**WORK TASK**
Some lines hold the string "perms". Copy all of them from the material that follows.

**SOURCE MATERIAL**
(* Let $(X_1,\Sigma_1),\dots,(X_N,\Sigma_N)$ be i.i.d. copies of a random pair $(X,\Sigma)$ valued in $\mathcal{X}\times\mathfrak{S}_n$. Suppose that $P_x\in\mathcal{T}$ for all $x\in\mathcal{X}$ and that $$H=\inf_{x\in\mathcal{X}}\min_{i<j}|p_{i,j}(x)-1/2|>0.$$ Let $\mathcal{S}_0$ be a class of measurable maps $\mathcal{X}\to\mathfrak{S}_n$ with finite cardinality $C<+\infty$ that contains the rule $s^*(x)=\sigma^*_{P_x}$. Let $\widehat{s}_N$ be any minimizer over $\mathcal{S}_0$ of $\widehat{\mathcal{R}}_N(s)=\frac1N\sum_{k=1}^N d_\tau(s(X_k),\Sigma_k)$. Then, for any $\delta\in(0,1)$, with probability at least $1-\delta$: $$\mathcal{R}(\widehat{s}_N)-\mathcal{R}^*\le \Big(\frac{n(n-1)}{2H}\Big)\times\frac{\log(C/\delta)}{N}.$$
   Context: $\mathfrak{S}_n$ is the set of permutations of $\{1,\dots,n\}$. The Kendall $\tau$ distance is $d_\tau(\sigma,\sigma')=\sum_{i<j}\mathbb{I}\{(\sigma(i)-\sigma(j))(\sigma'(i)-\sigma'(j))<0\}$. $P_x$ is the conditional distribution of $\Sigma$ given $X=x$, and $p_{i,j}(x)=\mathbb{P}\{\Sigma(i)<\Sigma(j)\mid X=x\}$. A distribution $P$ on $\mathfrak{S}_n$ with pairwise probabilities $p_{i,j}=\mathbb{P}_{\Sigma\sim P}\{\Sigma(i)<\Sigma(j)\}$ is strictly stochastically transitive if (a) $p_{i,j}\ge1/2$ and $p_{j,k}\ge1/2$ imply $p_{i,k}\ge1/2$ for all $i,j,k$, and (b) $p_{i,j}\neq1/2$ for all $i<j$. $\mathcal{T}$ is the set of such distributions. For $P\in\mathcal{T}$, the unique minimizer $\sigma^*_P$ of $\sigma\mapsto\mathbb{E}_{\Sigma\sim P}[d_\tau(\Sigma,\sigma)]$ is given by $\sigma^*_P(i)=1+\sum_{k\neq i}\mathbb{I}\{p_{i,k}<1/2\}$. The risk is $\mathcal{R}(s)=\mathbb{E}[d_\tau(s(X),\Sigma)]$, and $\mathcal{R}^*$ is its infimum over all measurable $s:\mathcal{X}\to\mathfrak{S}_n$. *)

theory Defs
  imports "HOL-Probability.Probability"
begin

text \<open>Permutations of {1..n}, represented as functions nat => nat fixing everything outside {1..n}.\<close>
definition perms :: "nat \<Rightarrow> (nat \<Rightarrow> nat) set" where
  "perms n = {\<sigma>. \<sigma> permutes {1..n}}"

**ANSWER BOX**
definition perms :: "nat \<Rightarrow> (nat \<Rightarrow> nat) set" where
  "perms n = {\<sigma>. \<sigma> permutes {1..n}}"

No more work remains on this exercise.